■ Instructions to follow: Across the listing below, count the lines that mention the string "finally". Reply with the figure only.

■ Recorded data:
####

lemma card_edge_neighbours_le:
  assumes "finite V" "finite E" "e \<in> E" "e \<subseteq> V"
  shows "card (edge_neighbours E e) \<le> card e * (max_degree V E - 1)"
proof -
  have "finite e" using \<open>e \<subseteq> V\<close> \<open>finite V\<close> by (rule finite_subset)
  have "edge_neighbours E e \<subseteq> (\<Union>u\<in>e. {f \<in> E. u \<in> f} - {e})"
    by (auto simp: edge_neighbours_def)
  then have "card (edge_neighbours E e) \<le> card (\<Union>u\<in>e. {f \<in> E. u \<in> f} - {e})"
    using \<open>finite E\<close> \<open>finite e\<close> by (intro card_mono) auto
  also have "\<dots> \<le> (\<Sum>u\<in>e. card ({f \<in> E. u \<in> f} - {e}))"
    by (rule card_UN_le[OF \<open>finite e\<close>])
  also have "\<dots> \<le> (\<Sum>u\<in>e. max_degree V E - 1)"
  proof (rule sum_mono)
    fix u assume "u \<in> e"
    then have "card ({f \<in> E. u \<in> f} - {e}) = card {f \<in> E. u \<in> f} - 1"
      using \<open>e \<in> E\<close> \<open>finite E\<close> by (simp add: card_Diff_singleton)
    also have "\<dots> \<le> max_degree V E - 1"
      using card_edges_at_le_max_degree[OF \<open>finite V\<close>, of u E] \<open>u \<in> e\<close> \<open>e \<subseteq> V\<close>
      by (intro diff_le_mono) blast
    finally show "card ({f \<in> E. u \<in> f} - {e}) \<le> max_degree V E - 1" .
  qed
  finally show ?thesis by simp
qed

section \<open>The uniform distribution on colourings\<close>

locale colouring_space =
  fixes V :: "'v set" and q :: nat
  assumes finite_V: "finite V" and q_pos: "0 < q"
begin

abbreviation \<Omega> :: "('v \<Rightarrow> nat) set" where
  "\<Omega> \<equiv> colourings V q"

definition prob :: "('v \<Rightarrow> nat) set \<Rightarrow> real" where
  "prob S = real (card S) / real (card \<Omega>)"

definition determined_by :: "'v set \<Rightarrow> ('v \<Rightarrow> nat) set \<Rightarrow> bool" where
  "determined_by U S \<longleftrightarrow>
     S \<subseteq> \<Omega> \<and> (\<forall>s\<in>\<Omega>. \<forall>s'\<in>\<Omega>. (\<forall>u\<in>U. s u = s' u) \<longrightarrow> (s \<in> S \<longleftrightarrow> s' \<in> S))"

lemma finite_colourings: "finite \<Omega>"
  unfolding colourings_def by (simp add: finite_PiE finite_V)

lemma card_colourings: "card \<Omega> = q ^ card V"
  unfolding colourings_def by (simp add: card_PiE finite_V)

lemma card_colourings_pos: "0 < real (card \<Omega>)"
  using q_pos by (simp add: card_colourings)

lemma colouring_outside: "s \<in> \<Omega> \<Longrightarrow> u \<notin> V \<Longrightarrow> s u = undefined"
  unfolding colourings_def by (rule PiE_arb)

lemma colouring_range: "s \<in> \<Omega> \<Longrightarrow> u \<in> V \<Longrightarrow> s u \<in> {1..q}"
  unfolding colourings_def by (rule PiE_mem)

lemma prob_nonneg: "0 \<le> prob S"
  by (simp add: prob_def)

lemma prob_colourings: "prob \<Omega> = 1"
  using card_colourings_pos by (simp add: prob_def)

lemma finite_event: "S \<subseteq> \<Omega> \<Longrightarrow> finite S"
  using finite_colourings by (rule rev_finite_subset)

lemma prob_mono: "S \<subseteq> T \<Longrightarrow> T \<subseteq> \<Omega> \<Longrightarrow> prob S \<le> prob T"
  unfolding prob_def by (intro divide_right_mono) (simp_all add: card_mono finite_event)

####

■ Completed exercise: 2